(Stored data entries)
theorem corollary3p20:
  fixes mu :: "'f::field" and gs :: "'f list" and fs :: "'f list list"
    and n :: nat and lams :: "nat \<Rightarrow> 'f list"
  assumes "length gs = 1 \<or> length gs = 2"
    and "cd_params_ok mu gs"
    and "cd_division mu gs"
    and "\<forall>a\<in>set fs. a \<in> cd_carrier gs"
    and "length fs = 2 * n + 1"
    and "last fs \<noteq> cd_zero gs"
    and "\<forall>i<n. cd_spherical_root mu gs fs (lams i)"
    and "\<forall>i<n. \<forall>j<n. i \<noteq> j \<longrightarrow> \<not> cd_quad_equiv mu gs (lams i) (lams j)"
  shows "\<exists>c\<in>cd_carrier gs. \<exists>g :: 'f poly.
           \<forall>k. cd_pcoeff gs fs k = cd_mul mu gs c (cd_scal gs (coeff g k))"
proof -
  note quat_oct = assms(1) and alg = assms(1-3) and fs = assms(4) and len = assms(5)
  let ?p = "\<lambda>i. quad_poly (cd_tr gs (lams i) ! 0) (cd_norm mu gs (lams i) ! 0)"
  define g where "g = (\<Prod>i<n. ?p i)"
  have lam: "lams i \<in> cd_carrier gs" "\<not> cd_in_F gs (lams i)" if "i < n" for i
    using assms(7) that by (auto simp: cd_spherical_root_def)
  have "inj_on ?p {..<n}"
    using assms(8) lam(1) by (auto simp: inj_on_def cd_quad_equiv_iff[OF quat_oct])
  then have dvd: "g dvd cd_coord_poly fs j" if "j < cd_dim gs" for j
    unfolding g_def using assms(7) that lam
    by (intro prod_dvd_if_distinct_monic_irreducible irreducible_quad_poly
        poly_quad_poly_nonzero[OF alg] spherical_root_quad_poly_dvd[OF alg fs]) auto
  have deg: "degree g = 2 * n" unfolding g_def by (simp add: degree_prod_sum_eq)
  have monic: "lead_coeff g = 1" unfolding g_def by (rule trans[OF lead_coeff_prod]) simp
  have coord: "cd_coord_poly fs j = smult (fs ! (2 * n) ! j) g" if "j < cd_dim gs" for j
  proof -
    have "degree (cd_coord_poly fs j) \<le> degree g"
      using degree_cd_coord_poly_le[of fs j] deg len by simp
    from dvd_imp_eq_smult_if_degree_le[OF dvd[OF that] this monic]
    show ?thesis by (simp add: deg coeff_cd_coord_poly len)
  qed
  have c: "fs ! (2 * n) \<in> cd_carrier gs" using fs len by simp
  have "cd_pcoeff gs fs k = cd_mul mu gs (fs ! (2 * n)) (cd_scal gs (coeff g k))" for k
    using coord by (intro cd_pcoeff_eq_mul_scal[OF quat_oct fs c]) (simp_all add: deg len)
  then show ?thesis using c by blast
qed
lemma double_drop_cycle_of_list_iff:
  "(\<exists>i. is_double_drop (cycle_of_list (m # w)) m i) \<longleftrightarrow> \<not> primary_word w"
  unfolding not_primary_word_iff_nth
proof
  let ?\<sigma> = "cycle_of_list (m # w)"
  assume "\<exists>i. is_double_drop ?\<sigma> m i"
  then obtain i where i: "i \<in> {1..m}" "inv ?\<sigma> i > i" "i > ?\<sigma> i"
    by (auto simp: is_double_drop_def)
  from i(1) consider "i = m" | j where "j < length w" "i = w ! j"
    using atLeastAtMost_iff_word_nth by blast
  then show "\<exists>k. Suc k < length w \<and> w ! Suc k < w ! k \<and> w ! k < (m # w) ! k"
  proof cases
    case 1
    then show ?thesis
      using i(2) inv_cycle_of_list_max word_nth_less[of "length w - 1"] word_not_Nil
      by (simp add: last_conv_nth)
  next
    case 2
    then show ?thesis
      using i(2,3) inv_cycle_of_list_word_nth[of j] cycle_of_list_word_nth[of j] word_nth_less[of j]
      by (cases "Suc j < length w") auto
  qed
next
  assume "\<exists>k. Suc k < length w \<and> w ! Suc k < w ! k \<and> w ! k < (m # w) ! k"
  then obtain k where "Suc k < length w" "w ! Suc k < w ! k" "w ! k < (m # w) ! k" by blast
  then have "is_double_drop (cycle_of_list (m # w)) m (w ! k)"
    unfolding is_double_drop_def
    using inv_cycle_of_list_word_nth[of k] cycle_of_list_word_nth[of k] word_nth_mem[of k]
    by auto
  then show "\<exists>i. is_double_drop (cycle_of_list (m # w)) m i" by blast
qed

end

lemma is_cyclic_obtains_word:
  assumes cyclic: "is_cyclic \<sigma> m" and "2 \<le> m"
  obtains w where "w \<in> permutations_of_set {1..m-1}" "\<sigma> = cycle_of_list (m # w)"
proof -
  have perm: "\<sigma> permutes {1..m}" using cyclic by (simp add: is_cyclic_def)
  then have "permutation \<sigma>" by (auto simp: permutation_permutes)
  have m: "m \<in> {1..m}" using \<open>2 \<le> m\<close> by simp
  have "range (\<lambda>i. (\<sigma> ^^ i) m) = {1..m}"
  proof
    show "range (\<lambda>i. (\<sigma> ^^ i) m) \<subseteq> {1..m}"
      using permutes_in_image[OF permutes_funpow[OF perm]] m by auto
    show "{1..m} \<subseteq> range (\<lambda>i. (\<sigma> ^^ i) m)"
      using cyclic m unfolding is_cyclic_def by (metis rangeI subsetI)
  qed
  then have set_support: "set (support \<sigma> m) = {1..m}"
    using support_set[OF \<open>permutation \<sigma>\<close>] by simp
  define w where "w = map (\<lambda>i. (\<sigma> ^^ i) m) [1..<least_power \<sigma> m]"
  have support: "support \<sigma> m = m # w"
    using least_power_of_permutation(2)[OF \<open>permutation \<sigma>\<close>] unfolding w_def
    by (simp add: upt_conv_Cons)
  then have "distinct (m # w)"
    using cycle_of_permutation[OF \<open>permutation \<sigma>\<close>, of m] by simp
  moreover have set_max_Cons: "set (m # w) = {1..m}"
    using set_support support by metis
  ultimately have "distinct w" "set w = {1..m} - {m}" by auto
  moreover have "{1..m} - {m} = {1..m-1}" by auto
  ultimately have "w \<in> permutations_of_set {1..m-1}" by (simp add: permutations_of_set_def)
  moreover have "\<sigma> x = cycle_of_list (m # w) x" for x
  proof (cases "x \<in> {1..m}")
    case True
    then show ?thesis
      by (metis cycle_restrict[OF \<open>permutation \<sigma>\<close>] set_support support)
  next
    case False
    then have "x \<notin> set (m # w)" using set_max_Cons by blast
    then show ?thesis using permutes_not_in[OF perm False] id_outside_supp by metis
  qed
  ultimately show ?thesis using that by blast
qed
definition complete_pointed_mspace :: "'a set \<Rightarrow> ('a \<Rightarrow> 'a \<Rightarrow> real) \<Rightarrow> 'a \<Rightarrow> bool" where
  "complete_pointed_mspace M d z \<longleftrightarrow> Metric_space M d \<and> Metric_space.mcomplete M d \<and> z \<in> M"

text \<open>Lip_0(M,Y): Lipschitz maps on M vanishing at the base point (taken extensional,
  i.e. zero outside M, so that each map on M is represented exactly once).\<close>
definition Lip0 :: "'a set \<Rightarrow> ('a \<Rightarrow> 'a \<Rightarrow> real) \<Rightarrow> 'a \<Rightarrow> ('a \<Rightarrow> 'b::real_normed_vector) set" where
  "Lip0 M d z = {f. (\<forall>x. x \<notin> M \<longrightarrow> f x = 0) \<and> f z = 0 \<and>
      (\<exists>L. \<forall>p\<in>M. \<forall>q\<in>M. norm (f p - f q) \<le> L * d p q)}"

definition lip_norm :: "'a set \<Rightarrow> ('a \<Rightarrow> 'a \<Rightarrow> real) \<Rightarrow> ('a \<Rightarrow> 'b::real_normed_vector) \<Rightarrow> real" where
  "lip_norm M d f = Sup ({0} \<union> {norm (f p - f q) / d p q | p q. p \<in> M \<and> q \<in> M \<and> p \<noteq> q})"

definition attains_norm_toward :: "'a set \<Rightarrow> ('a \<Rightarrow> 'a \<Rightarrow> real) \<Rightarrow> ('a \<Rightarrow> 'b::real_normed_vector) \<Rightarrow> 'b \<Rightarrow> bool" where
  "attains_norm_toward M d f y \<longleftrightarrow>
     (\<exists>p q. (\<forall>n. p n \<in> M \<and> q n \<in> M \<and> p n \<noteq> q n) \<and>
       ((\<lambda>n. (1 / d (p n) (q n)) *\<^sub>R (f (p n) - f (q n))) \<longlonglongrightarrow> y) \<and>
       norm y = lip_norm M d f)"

**Exercise requirements:** From the entries above, print the lines beginning at the one with "ultimately show ?thesis using that by blast" and stopping after the one with "text \<open>Lip_0(M,Y): Lipschitz", exactly as written and with nothing else.

**Finished exercise:**
  ultimately show ?thesis using that by blast
qed
definition complete_pointed_mspace :: "'a set \<Rightarrow> ('a \<Rightarrow> 'a \<Rightarrow> real) \<Rightarrow> 'a \<Rightarrow> bool" where
  "complete_pointed_mspace M d z \<longleftrightarrow> Metric_space M d \<and> Metric_space.mcomplete M d \<and> z \<in> M"

text \<open>Lip_0(M,Y): Lipschitz maps on M vanishing at the base point (taken extensional,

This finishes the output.